Oh, and I made the wings again, and this time, they came out even better than my first attempt. The key is to keep your initial oil temp below 250 degrees, and to watch the wings really closely. As soon as the meat starts to pull away from the bones, you pull them out of the initial low-temp fry, and let them cool on a wire rack. Then, the second key, let the oil re-heat between batches. The first time, I didn’t let my oil get above 400 degrees before I dropped more wings into it, and so the initial batch was perfectly crispy, but secondary batches were sightly less perfect. My brother in law also brought a locally bottled extra hot buffalo sauce along, and that really made a difference in how delicious the wings came out. Unfortunately, I have no pictures of the wings, as they were devoured pretty much instantaneously from being batch cooked.
Next on the list;
I started the Dark Tower series by Stephen King. It’s one of the classic fantasy series that everyone says you have to read, and I just have never gotten into it. I’ve heard that the middle gets really wonky (as it was written after a horrific motorcycle accident that almost claimed his life), but that the end makes up for it. It’s 7 books long, so we’ll see what I think at the end. I like that the series is already completed, because I have about 5 series that I’m reading that I have to wait for books for years at a time. I don’t need more of those.

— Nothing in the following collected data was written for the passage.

text \<open>Renumbering the colours actually used by \<open>1, 2, \<dots>\<close> keeps a colouring proper.\<close>
lemma chromatic_number_le_card_image:
  assumes c: "proper_coloring n X k c"
  shows "chromatic_number n X \<le> card (c ` {1..n})"
proof -
  obtain h where h: "bij_betw h (c ` {1..n}) {1..card (c ` {1..n})}"
    using finite_same_card_bij[of "c ` {1..n}" "{1..card (c ` {1..n})}"] by auto
  have "proper_coloring n X (card (c ` {1..n})) (h \<circ> c)"
    unfolding proper_coloring_def
  proof (intro conjI ballI impI)
    fix i assume "i \<in> {1..n}"
    then show "(h \<circ> c) i \<in> {1..card (c ` {1..n})}"
      using bij_betw_apply[OF h] by simp
  next
    fix i i' assume ii': "i \<in> {1..n}" "i' \<in> {1..n}" "line_adj X i i'"
    then have "c i \<noteq> c i'"
      using c unfolding proper_coloring_def by blast
    then show "(h \<circ> c) i \<noteq> (h \<circ> c) i'"
      using inj_onD[OF bij_betw_imp_inj_on[OF h], of "c i" "c i'"] ii'(1,2) by auto
  qed
  then show ?thesis
    unfolding chromatic_number_def by (intro Least_le) blast
qed

lemma chromatic_number_le_colours_used:
  assumes c: "proper_coloring n X k c"
  shows "chromatic_number n X \<le> color_c1 n k c + color_c2plus n k c"
proof -
  have "\<forall>i\<in>{1..n}. c i \<in> {1..k}"
    using c unfolding proper_coloring_def by blast
  then show ?thesis
    using chromatic_number_le_card_image[OF c] color_c1_plus_c2plus_eq_card_image by simp
qed
(* Let $m\in\mathbb{N}$, $\varphi_k\in(0,\pi)$ and $c_k,d_k\geq0$ for $k=1,\dots,m$, and set $\alpha_k=e^{i\varphi_k}$. If $\cos\varphi_1,\dots,\cos\varphi_m$ are algebraically independent over $\mathbb{Q}$, then the Lévy measure $\sum_{k=1}^m(c_k\delta_{\alpha_k}+d_k\delta_{\bar\alpha_k})$ is L-unique.
   Context: A Lévy measure on $\mathbb{T}$ is a positive Borel measure $\rho$ with $\rho(\{1\})=0$ and $1-\Re s\in L^1(\rho)$. For a Lévy measure $\rho$, $\nu_\circledast^{(1,0,\rho)}$ is the probability measure on $\mathbb{T}$ with $\int s^n\,d\nu=\exp\big(\int_{\mathbb{T}}(s^n-1-in\Im s)\,d\rho(s)\big)$, $n\in\mathbb{Z}$. $\rho$ is L-unique if the only Lévy measure $\widetilde\rho$ with $\nu_\circledast^{(1,0,\widetilde\rho)}=\nu_\circledast^{(1,0,\rho)}$ is $\widetilde\rho=\rho$. *)

theory Defs
  imports "HOL-Analysis.Analysis"
begin

definition circleT :: "complex set" where
  "circleT = sphere 0 1"

definition borelT :: "complex measure" where
  "borelT = restrict_space borel circleT"

definition levy_measure :: "complex measure \<Rightarrow> bool" where
  "levy_measure \<rho> \<longleftrightarrow> sets \<rho> = sets borelT \<and> emeasure \<rho> {1} = 0
     \<and> integrable \<rho> (\<lambda>s. 1 - Re s)"

text \<open>n-th Fourier coefficient of the probability measure nu^(1,0,rho).\<close>
definition levy_coeff :: "complex measure \<Rightarrow> int \<Rightarrow> complex" where
  "levy_coeff \<rho> n = exp (\<integral>s. (s powi n - 1 - \<i> * of_int n * of_real (Im s)) \<partial>\<rho>)"

definition L_unique :: "complex measure \<Rightarrow> bool" where
  "L_unique \<rho> \<longleftrightarrow> (\<forall>\<rho>'. levy_measure \<rho>' \<and> (\<forall>n. levy_coeff \<rho>' n = levy_coeff \<rho> n)
                      \<longrightarrow> \<rho>' = \<rho>)"

definition alg_indep_rat :: "nat \<Rightarrow> (nat \<Rightarrow> real) \<Rightarrow> bool" where
  "alg_indep_rat m x \<longleftrightarrow>
     (\<forall>(S :: (nat \<Rightarrow> nat) set) (a :: (nat \<Rightarrow> nat) \<Rightarrow> rat).
        finite S \<and> (\<forall>e\<in>S. \<forall>k. k \<notin> {1..m} \<longrightarrow> e k = 0)
        \<and> (\<Sum>e\<in>S. of_rat (a e) * (\<Prod>k\<in>{1..m}. x k ^ e k)) = 0
        \<longrightarrow> (\<forall>e\<in>S. a e = 0))"
lemma measurable_restrict_Rd: "(\<lambda>a. restrict (f a) {..<d}) \<in> measurable (measure_pmf q) (Rd d)"
  by (simp add: Rd_def space_PiM)

lemma sets_discrete_Rd [simp]: "sets (discrete_Rd d q f) = sets (Rd d)"
  by (simp add: discrete_Rd_def)

lemma distr_on_discrete_Rd: "distr_on d (discrete_Rd d q f)"
  unfolding distr_on_def discrete_Rd_def
  by (auto intro: measure_pmf.prob_space_distr measurable_restrict_Rd)

lemma integral_discrete_Rd:
  assumes "finite A" "set_pmf q \<subseteq> A" "g \<in> borel_measurable (Rd d)"
  shows "(\<integral>x. g x \<partial>discrete_Rd d q f) = (\<Sum>a\<in>A. pmf q a * g (restrict (f a) {..<d}))"
  unfolding discrete_Rd_def using assms
  by (subst integral_distr[OF measurable_restrict_Rd assms(3)], subst integral_measure_pmf_real)
    (auto simp: mult.commute)

lemma finite_second_moments_discrete_Rd:
  "finite (set_pmf q) \<Longrightarrow> finite_second_moments d (discrete_Rd d q f)"
  unfolding finite_second_moments_def discrete_Rd_def
  by (auto simp: integrable_distr_eq[OF measurable_restrict_Rd]
      intro: integrable_measure_pmf_finite)

lemma mean_discrete_Rd:
  assumes "finite A" "set_pmf q \<subseteq> A" "i < d"
  shows "mean d (discrete_Rd d q f) i = (\<Sum>a\<in>A. pmf q a * f a i)"
  using assms by (simp add: mean_def integral_discrete_Rd)

lemma covariance_form_le_second_moment:
  fixes w :: "'a \<Rightarrow> real" and p :: "'a \<Rightarrow> nat \<Rightarrow> real"
  assumes "finite A" "(\<Sum>a\<in>A. w a) = 1" and \<mu>: "\<And>i. i < d \<Longrightarrow> \<mu> i = (\<Sum>a\<in>A. w a * p a i)"
  shows "(\<Sum>i<d. \<Sum>j<d. v i * (\<Sum>a\<in>A. w a * ((p a i - \<mu> i) * (p a j - \<mu> j))) * v j)
    \<le> (\<Sum>a\<in>A. w a * (\<Sum>i<d. v i * p a i)\<^sup>2)"
proof -
  define P where "P a = (\<Sum>i<d. v i * p a i)" for a
  define c where "c = (\<Sum>i<d. v i * \<mu> i)"
  have "(\<Sum>a\<in>A. w a * P a) = (\<Sum>i<d. v i * (\<Sum>a\<in>A. w a * p a i))"
    by (simp add: P_def sum_distrib_left sum.swap[of _ A] mult_ac)
  also have "\<dots> = c"
    by (simp add: c_def \<mu>)
  finally have "(\<Sum>a\<in>A. w a * P a) = c" .
  moreover have "(\<Sum>i<d. \<Sum>j<d. v i * (\<Sum>a\<in>A. w a * ((p a i - \<mu> i) * (p a j - \<mu> j))) * v j)
      = (\<Sum>a\<in>A. w a * (P a - c)\<^sup>2)"
    by (simp add: P_def c_def power2_eq_square sum_product sum_distrib_left sum_distrib_right
        sum.swap[of _ A] sum_subtractf[symmetric] algebra_simps)
  moreover have "(\<Sum>a\<in>A. w a * (P a - c)\<^sup>2)
      = (\<Sum>a\<in>A. w a * (P a)\<^sup>2) - 2 * c * (\<Sum>a\<in>A. w a * P a) + c\<^sup>2 * (\<Sum>a\<in>A. w a)"
    by (simp add: power2_diff algebra_simps sum.distrib sum_subtractf sum_distrib_left
        sum_distrib_right)
  ultimately show ?thesis
    using assms(2) by (simp add: P_def power2_eq_square)
qed

lemma cov_le_discrete_Rd:
  assumes "finite A" "set_pmf q \<subseteq> A"
    and second_moment: "\<And>v. (\<Sum>a\<in>A. pmf q a * (\<Sum>i<d. v i * f a i)\<^sup>2) \<le> s * (\<Sum>i<d. (v i)\<^sup>2)"
  shows "cov_le d (discrete_Rd d q f) s"
  unfolding cov_le_def
proof
  fix v :: "nat \<Rightarrow> real"
  let ?\<mu> = "mean d (discrete_Rd d q f)"
  have "(\<Sum>i<d. \<Sum>j<d. v i * cov d (discrete_Rd d q f) i j * v j)
      = (\<Sum>i<d. \<Sum>j<d. v i * (\<Sum>a\<in>A. pmf q a * ((f a i - ?\<mu> i) * (f a j - ?\<mu> j))) * v j)"
    using assms(1,2) by (simp add: cov_def integral_discrete_Rd)
  also have "\<dots> \<le> (\<Sum>a\<in>A. pmf q a * (\<Sum>i<d. v i * f a i)\<^sup>2)"
    using assms(1,2)
    by (intro covariance_form_le_second_moment) (auto simp: sum_pmf_eq_1 mean_discrete_Rd)
  finally show "(\<Sum>i<d. \<Sum>j<d. v i * cov d (discrete_Rd d q f) i j * v j) \<le> s * (\<Sum>i<d. (v i)\<^sup>2)"
    using second_moment[of v] by (rule order_trans)
qed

I finally remembered that I purchased a year’s subscription to Top Chef University, an online video course that teaches you everything from kitchen basics (like how to hone your knife) up to how you want to plate a fish course vs plating pastas, and everything in between. So far, I haven’t really learned anything new, but I am learning fancy french words for things I was already doing. Like when I add tomato paste to my onion/garlic/pepper mixture when I make chili, what I do is called “concasse”, where you let it cook out with the veggies. I also learned that most tomato sauces have celery in them, which is anathema to me, as my Dad’s gravy has no celery (or carrots), and therefore, these people are all wrong.
Get back on my bike. That’s next on the list of things to find motivation for, and while I’m struggling, I think once I set the thing up on the trainer, I’ll start to use it regularly. Have to get ready for when the season warms up and I can ride with my sister and brother in law, who will both be worlds better than when we last road, while I’ll be worlds worse. They’re training for St. Anthony’s triathlon in April, while I’ve been sitting on my ass, eating like a horse. Oh well. I’ve made this journey from out of shape to in shape twice before. Third time’s the charm, and hopefully, nothing will get in the way of me attempting an olympic distance triathlon in the fall. I might have to settle for a sprint distance, but we’ll see how training goes. I might also have to settle for a cycle-only event, as I was a terrible swimmer even when the rest of me was in great shape. I have no idea if I have the time to be able to get into swimming shape for a mile swim. We’ll see how things go!